> **DATA TO USE**:

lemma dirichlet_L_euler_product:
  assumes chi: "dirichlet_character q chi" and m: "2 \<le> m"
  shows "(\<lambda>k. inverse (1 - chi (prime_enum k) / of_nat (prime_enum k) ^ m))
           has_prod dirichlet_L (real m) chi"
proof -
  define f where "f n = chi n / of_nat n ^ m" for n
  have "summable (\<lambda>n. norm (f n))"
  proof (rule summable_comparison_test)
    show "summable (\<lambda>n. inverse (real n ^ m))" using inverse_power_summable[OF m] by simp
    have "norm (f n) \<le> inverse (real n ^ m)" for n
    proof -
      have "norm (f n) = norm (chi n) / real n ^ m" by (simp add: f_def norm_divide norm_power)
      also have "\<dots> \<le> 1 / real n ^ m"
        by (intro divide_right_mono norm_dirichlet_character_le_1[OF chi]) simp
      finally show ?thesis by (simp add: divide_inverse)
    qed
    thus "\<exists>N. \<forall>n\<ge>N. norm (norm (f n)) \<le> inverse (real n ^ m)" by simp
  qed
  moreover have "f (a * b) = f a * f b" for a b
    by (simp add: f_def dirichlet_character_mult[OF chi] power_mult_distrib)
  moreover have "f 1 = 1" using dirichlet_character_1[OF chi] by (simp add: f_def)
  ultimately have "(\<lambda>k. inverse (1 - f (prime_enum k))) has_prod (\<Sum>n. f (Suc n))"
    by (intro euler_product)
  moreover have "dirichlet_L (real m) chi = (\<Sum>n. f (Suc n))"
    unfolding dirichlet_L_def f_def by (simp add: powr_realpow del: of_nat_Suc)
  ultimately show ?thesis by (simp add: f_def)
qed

--

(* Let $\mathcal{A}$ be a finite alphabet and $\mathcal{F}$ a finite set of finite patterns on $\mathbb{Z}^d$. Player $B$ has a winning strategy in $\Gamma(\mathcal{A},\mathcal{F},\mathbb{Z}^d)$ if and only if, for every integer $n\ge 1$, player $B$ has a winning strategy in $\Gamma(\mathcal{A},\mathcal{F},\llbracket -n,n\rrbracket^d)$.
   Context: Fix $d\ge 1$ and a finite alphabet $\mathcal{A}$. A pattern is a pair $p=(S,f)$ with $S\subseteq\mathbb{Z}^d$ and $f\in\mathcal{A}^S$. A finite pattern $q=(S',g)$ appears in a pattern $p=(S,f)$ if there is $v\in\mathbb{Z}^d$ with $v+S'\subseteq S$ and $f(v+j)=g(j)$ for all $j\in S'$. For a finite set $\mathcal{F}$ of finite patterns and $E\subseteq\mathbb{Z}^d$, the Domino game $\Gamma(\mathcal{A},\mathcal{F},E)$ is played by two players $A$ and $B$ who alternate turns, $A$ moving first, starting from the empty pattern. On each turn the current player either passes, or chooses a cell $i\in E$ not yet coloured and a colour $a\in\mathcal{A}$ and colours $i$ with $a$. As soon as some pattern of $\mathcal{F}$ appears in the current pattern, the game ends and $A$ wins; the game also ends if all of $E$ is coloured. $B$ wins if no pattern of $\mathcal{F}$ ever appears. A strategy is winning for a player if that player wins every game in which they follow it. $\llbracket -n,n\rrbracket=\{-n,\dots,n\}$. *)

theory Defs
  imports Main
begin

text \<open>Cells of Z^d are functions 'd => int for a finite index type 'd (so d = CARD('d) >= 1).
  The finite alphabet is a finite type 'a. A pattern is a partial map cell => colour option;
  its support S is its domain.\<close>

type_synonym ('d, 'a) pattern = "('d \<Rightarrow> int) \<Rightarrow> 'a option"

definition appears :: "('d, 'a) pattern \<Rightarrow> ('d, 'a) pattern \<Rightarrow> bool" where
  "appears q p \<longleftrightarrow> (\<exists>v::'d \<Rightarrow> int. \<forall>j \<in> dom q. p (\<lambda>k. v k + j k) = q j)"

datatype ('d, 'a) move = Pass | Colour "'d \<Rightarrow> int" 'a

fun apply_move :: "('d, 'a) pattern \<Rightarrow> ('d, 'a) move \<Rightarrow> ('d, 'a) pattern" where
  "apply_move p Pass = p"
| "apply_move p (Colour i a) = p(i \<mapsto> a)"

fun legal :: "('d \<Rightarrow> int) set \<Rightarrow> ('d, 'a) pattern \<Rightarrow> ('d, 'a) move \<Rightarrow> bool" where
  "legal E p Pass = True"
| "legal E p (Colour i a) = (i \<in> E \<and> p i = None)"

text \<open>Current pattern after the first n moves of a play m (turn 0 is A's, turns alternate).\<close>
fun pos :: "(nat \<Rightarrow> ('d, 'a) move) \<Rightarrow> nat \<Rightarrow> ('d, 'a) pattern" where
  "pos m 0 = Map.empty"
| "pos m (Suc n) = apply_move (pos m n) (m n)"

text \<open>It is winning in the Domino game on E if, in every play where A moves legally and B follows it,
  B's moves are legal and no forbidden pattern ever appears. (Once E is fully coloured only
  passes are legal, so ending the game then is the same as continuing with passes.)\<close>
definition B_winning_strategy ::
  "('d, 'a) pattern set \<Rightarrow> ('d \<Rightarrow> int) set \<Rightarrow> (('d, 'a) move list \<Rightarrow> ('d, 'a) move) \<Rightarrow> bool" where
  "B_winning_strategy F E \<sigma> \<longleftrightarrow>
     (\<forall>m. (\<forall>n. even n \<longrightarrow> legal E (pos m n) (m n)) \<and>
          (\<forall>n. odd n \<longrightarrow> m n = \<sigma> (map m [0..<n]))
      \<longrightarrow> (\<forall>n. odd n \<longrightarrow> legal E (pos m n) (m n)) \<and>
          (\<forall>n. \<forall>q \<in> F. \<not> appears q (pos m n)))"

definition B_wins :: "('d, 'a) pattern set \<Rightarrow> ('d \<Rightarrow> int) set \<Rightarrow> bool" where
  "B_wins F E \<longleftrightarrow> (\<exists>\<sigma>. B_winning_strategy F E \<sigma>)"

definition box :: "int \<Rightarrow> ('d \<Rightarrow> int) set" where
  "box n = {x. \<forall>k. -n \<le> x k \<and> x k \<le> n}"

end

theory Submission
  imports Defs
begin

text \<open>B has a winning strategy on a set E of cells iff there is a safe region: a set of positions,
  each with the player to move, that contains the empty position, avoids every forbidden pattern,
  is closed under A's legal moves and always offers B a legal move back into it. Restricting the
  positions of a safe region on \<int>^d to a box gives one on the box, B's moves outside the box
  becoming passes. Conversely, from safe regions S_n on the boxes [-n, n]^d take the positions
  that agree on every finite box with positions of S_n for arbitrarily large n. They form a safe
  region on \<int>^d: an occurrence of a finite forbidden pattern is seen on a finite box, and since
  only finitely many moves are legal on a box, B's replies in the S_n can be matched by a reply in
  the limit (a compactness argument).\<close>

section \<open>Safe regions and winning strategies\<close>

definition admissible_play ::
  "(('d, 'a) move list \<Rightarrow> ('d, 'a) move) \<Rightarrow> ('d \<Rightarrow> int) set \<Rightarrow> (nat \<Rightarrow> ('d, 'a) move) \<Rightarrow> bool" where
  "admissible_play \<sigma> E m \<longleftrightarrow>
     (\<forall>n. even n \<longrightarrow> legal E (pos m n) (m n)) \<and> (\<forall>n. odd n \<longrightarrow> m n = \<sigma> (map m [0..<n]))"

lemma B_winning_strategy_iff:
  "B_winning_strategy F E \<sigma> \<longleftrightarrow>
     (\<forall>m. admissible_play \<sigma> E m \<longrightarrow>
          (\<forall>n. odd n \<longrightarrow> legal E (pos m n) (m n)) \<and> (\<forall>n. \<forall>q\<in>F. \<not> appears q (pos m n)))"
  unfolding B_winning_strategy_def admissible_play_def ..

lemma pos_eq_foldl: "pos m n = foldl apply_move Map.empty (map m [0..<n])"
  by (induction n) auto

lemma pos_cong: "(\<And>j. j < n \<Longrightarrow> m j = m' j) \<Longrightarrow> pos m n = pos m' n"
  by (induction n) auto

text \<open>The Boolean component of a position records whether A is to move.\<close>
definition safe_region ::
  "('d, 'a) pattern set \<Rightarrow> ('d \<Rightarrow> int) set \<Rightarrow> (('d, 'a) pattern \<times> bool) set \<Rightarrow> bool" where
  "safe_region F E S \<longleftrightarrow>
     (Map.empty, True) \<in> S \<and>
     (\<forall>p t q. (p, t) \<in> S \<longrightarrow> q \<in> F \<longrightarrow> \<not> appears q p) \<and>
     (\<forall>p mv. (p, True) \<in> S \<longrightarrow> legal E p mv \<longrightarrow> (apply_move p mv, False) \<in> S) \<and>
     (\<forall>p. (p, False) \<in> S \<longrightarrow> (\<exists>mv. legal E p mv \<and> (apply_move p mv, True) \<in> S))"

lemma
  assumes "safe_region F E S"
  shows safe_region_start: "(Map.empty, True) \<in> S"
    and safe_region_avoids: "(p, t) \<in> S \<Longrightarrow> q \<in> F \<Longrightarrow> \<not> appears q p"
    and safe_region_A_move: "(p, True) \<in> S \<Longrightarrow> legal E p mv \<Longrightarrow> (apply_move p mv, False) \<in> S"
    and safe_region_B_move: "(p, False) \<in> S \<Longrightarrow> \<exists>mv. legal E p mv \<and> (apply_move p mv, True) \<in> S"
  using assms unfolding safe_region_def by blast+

> **THE PROBLEM**:
Given the word "False", show every line of the records that contains it.

> **REPLY**:
     (\<forall>p mv. (p, True) \<in> S \<longrightarrow> legal E p mv \<longrightarrow> (apply_move p mv, False) \<in> S) \<and>
     (\<forall>p. (p, False) \<in> S \<longrightarrow> (\<exists>mv. legal E p mv \<and> (apply_move p mv, True) \<in> S))"
    and safe_region_A_move: "(p, True) \<in> S \<Longrightarrow> legal E p mv \<Longrightarrow> (apply_move p mv, False) \<in> S"
    and safe_region_B_move: "(p, False) \<in> S \<Longrightarrow> \<exists>mv. legal E p mv \<and> (apply_move p mv, True) \<in> S"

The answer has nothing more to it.